Pull every line holding the string "that" from the records below.

--- START ---

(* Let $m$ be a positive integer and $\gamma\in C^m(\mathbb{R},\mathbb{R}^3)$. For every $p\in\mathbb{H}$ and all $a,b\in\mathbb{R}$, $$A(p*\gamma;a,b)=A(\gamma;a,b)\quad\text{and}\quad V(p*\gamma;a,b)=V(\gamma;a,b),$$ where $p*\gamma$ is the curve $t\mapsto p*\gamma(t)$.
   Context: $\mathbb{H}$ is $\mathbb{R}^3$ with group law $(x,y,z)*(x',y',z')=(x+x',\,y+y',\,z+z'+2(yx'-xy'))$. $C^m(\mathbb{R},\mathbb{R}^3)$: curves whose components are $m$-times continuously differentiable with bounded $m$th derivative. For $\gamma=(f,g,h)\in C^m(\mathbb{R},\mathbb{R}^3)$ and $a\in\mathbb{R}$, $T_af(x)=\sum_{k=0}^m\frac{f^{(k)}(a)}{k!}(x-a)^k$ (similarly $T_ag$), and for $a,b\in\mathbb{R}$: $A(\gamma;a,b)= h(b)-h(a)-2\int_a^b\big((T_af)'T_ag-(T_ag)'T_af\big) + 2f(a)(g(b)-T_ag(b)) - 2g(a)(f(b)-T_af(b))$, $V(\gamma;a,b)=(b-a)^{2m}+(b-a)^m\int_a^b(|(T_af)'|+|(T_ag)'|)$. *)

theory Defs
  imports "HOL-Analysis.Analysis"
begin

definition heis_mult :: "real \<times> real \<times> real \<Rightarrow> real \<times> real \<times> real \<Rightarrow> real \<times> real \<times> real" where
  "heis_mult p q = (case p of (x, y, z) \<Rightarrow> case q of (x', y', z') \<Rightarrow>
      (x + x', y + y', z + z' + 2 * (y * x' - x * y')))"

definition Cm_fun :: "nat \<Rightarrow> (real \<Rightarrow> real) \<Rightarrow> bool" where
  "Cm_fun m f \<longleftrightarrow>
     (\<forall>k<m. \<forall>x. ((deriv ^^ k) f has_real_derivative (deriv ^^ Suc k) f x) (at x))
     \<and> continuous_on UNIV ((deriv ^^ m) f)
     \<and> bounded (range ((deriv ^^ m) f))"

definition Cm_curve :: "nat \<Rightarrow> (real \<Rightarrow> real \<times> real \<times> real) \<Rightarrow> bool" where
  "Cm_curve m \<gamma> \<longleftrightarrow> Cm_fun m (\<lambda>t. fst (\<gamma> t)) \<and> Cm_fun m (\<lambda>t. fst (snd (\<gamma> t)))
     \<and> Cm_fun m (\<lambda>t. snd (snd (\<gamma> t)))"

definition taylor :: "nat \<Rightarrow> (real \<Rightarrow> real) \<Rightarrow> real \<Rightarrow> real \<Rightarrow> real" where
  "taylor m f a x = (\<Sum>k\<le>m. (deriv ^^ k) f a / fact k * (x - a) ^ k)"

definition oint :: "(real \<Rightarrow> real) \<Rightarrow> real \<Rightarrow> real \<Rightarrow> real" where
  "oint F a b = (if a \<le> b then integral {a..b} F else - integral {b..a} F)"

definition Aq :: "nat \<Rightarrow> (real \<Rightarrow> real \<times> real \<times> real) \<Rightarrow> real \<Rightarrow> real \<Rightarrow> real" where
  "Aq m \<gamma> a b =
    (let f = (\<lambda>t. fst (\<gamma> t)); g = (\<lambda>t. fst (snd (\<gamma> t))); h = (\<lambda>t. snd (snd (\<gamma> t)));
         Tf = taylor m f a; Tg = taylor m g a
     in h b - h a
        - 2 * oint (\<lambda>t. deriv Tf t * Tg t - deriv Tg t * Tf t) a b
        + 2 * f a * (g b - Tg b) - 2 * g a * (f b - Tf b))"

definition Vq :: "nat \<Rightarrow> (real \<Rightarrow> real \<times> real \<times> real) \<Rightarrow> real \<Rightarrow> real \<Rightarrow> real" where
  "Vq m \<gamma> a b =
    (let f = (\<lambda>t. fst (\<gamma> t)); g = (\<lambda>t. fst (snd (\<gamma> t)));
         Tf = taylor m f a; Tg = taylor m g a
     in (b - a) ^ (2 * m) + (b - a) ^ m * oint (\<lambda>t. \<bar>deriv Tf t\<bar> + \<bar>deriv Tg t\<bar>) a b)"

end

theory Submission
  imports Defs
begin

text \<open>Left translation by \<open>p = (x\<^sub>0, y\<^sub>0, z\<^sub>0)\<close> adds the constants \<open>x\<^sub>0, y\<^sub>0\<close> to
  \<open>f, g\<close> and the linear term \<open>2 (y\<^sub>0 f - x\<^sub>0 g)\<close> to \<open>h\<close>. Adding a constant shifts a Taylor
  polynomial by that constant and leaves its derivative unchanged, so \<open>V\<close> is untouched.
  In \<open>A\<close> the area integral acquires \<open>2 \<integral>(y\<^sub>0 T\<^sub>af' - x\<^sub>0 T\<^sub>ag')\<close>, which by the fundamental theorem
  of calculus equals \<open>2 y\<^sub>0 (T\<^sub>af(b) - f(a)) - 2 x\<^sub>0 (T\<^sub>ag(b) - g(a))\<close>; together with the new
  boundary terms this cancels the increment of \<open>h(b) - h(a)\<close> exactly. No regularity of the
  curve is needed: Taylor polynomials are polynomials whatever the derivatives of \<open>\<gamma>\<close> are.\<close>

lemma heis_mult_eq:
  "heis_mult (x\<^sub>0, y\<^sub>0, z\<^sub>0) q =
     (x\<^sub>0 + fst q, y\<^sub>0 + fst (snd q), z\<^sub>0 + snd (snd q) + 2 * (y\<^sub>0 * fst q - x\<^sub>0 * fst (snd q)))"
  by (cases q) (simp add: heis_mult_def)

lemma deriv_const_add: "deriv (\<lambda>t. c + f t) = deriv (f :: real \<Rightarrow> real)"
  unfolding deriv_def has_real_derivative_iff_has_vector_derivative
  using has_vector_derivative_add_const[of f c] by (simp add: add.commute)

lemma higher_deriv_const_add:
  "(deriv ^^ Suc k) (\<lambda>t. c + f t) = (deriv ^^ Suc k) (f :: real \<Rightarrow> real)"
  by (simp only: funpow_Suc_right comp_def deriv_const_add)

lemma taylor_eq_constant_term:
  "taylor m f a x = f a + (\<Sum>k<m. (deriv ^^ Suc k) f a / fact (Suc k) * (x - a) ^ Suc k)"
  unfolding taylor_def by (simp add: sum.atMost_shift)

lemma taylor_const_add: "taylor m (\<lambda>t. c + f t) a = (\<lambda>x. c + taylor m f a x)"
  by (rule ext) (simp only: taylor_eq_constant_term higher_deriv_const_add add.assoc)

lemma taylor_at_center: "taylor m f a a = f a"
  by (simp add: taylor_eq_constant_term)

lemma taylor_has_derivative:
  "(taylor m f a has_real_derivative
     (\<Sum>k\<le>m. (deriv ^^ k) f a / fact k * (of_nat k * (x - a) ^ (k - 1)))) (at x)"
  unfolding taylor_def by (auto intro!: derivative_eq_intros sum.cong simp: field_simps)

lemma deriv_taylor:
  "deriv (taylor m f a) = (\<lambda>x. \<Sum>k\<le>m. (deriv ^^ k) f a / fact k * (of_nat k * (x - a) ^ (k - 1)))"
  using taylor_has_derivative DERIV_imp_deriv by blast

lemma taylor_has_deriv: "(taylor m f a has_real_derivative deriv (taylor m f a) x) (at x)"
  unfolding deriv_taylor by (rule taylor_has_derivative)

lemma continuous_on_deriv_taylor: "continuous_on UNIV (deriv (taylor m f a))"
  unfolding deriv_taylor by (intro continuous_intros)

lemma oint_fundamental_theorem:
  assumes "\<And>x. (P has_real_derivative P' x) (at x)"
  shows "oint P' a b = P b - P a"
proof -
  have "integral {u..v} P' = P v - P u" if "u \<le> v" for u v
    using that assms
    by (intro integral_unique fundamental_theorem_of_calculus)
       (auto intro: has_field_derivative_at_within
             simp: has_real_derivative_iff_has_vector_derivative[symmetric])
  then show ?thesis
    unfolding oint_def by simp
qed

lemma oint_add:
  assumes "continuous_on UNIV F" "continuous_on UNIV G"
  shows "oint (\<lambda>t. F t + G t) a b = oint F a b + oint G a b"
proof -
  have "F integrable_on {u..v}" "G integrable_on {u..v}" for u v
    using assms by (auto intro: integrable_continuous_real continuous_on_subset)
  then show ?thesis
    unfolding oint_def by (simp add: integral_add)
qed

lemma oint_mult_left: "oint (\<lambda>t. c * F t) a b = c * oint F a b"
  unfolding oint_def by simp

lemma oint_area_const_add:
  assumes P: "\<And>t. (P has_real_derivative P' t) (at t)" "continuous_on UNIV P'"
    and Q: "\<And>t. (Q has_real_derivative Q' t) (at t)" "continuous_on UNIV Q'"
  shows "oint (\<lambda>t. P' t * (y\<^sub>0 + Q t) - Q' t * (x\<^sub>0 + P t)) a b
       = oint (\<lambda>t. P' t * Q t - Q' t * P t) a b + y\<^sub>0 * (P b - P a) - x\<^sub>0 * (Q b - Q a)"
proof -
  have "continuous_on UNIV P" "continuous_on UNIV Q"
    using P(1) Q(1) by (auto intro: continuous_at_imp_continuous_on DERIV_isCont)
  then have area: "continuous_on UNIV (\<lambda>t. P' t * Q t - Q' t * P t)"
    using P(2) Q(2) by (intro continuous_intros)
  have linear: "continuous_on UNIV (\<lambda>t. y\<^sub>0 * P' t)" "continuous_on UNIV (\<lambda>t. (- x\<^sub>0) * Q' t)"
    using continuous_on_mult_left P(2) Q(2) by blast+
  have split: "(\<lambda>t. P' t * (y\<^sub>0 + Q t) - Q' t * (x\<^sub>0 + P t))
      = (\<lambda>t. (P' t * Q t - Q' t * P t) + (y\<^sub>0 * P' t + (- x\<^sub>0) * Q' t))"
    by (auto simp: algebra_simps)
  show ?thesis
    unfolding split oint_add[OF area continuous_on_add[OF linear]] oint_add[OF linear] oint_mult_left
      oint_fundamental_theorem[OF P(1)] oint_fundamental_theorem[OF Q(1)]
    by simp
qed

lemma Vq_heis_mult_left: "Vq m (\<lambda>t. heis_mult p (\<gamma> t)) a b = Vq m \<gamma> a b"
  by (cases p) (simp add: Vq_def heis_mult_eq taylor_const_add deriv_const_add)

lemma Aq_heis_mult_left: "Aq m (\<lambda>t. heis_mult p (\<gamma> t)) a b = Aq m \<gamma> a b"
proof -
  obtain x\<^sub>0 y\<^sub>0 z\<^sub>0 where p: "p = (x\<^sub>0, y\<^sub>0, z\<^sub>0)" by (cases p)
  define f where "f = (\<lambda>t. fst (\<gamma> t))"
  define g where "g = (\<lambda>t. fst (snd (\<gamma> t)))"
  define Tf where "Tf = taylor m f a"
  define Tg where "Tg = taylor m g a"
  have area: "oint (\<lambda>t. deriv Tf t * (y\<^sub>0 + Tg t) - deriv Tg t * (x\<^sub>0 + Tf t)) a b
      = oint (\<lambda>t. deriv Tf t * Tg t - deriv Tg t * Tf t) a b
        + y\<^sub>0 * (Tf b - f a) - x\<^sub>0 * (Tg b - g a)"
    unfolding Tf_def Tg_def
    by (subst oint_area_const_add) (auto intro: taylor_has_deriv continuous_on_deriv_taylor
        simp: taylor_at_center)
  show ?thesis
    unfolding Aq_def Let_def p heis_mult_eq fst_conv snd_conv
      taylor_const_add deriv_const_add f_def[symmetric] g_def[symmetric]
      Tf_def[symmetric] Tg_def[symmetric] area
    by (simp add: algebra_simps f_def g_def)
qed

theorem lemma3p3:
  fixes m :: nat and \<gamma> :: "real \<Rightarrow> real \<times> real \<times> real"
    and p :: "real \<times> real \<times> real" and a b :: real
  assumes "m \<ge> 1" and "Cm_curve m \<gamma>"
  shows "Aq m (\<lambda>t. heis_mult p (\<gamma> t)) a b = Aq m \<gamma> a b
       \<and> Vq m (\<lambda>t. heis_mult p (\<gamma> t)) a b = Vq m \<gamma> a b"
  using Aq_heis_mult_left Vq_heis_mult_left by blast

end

--- END ---

ANSWER SPACE:
  polynomial by that constant and leaves its derivative unchanged, so \<open>V\<close> is untouched.
    using that assms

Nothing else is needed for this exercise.